(Records contained in a dataset)

□ □ □ □

lemma lyap_lower:
  assumes slow: "\<bar>a1 - a0\<bar> \<le> (1-r^2)*(1-r)/16"
  shows "(1-r)/16 * (w1^2 + w0^2) \<le> lyap x a0 a1 w0 w1"
proof -
  define Z where "Z = w1^2 + w0^2"
  define P0 where "P0 = 4*a0^2 - x^2"
  have "2*\<bar>a1 - a0\<bar> / (1 - r^2) \<le> (1-r)/8"
    using slow gap_bounds by (simp add: field_simps)
  then have "\<bar>energy_corr x a0 a1 * (w0^2 - w1^2)\<bar> \<le> (1-r)/8 * Z"
    unfolding abs_mult using corr_bound by (intro mult_mono) (auto simp: Z_def abs_le_iff)
  then have L0: "(1-r)/8 * Z \<le> mod_energy x a0 a1 w0 w1"
    using jac_energy_lower[of w1 w0] unfolding mod_energy_def Z_def by (simp add: abs_le_iff)
  moreover have "0 \<le> (1-r)/8 * Z" using r_lt1 by (simp add: Z_def)
  moreover have "0 < sqrt P0" "sqrt P0 \<le> 2"
    using denom_bounds denom_pos real_sqrt_le_mono[of P0 4] by (auto simp: P0_def)
  ultimately have "((1-r)/8 * Z) / 2 \<le> mod_energy x a0 a1 w0 w1 / sqrt P0"
    using frac_le[of "mod_energy x a0 a1 w0 w1" "(1-r)/8 * Z" "sqrt P0" 2] by linarith
  then show ?thesis by (simp add: lyap_def P0_def Z_def)
qed

lemma sqrt_denom_ge: "1 - r^2 \<le> sqrt (4*a0^2 - x^2)" "1 - r^2 \<le> sqrt (4*a1^2 - x^2)"
proof -
  have "(1 - r^2)^2 \<le> 1 - r^2"
    using gap_bounds by (simp add: power2_eq_square mult_le_cancel_right1)
  then have "sqrt ((1 - r^2)^2) \<le> sqrt (4*a0^2 - x^2)" "sqrt ((1 - r^2)^2) \<le> sqrt (4*a1^2 - x^2)"
    using denom_bounds by (intro real_sqrt_le_mono; linarith)+
  then show "1 - r^2 \<le> sqrt (4*a0^2 - x^2)" "1 - r^2 \<le> sqrt (4*a1^2 - x^2)"
    using gap_bounds by simp_all
qed

lemma lyap_upper: "lyap x a0 a1 w0 w1 \<le> 3*(w1^2 + w0^2)/(1-r^2)^2"
proof -
  define p where "p = 1 - r^2"
  define Z where "Z = w1^2 + w0^2"
  have p: "0 < p" "p \<le> 1" using gap_bounds by (auto simp: p_def)
  have "\<bar>x*a0\<bar> \<le> 1" using x_le_1 a0_ge a0_le by (simp add: abs_mult mult_le_one)
  then have "\<bar>x*a0\<bar> * \<bar>w1*w0\<bar> \<le> 1 * Z"
    using abs_mult_le_half_sumsq[of w1 w0] by (intro mult_mono) (auto simp: Z_def)
  then have "\<bar>x*a0*w1*w0\<bar> \<le> Z" by (simp add: abs_mult mult.assoc)
  moreover have "a0^2 * Z \<le> 1 * Z"
    using sq_bounds[OF a0_ge a0_le] by (intro mult_right_mono) (auto simp: Z_def)
  moreover have "0 \<le> a0^2 * Z" by (simp add: Z_def)
  ultimately have K: "\<bar>jac_energy x a0 w0 w1\<bar> \<le> 2*Z"
    unfolding jac_energy_def Z_def[symmetric] abs_le_iff by linarith
  have "\<bar>energy_corr x a0 a1\<bar> \<le> 1/p"
  proof -
    have "\<bar>energy_corr x a0 a1\<bar> = \<bar>a1^2 - a0^2\<bar> * a0^2 / (4*a0^2 - x^2)"
      using denom_pos by (simp add: energy_corr_def abs_mult)
    also have "\<dots> \<le> 1 * 1 / p"
      using sq_bounds[OF a0_ge a0_le] sq_bounds[OF a1_ge a1_le] denom_bounds p
      by (intro frac_le mult_mono) (auto simp: abs_le_iff p_def)
    finally show ?thesis by simp
  qed
  then have "\<bar>energy_corr x a0 a1 * (w0^2 - w1^2)\<bar> \<le> (1/p) * Z"
    unfolding abs_mult using p by (intro mult_mono) (auto simp: Z_def abs_le_iff)
  with K have "\<bar>mod_energy x a0 a1 w0 w1\<bar> \<le> 2*Z + Z/p"
    unfolding mod_energy_def by (simp add: abs_le_iff)
  also have "\<dots> \<le> 3*Z/p"
  proof -
    have "2*Z*p \<le> 2*Z*1" using p by (intro mult_left_mono) (auto simp: Z_def)
    then have "2*Z \<le> 2*Z/p" using p by (simp add: le_divide_eq)
    then show ?thesis by (simp add: add_divide_distrib)
  qed
  finally have "\<bar>mod_energy x a0 a1 w0 w1\<bar> / sqrt (4*a0^2 - x^2) \<le> (3*Z/p) / p"
    using sqrt_denom_ge p by (intro frac_le) (auto simp: p_def)
  moreover have "lyap x a0 a1 w0 w1 \<le> \<bar>mod_energy x a0 a1 w0 w1\<bar> / sqrt (4*a0^2 - x^2)"
    unfolding lyap_def using denom_pos by (simp add: divide_right_mono)
  ultimately show ?thesis by (simp add: p_def Z_def power2_eq_square)
qed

□ □ □ □

Starting at the first line of the records, print each line exactly, stopping after the line that contains "w1^2)\<bar> \<le> (1-r)/8".

Output for this task →
lemma lyap_lower:
  assumes slow: "\<bar>a1 - a0\<bar> \<le> (1-r^2)*(1-r)/16"
  shows "(1-r)/16 * (w1^2 + w0^2) \<le> lyap x a0 a1 w0 w1"
proof -
  define Z where "Z = w1^2 + w0^2"
  define P0 where "P0 = 4*a0^2 - x^2"
  have "2*\<bar>a1 - a0\<bar> / (1 - r^2) \<le> (1-r)/8"
    using slow gap_bounds by (simp add: field_simps)
  then have "\<bar>energy_corr x a0 a1 * (w0^2 - w1^2)\<bar> \<le> (1-r)/8 * Z"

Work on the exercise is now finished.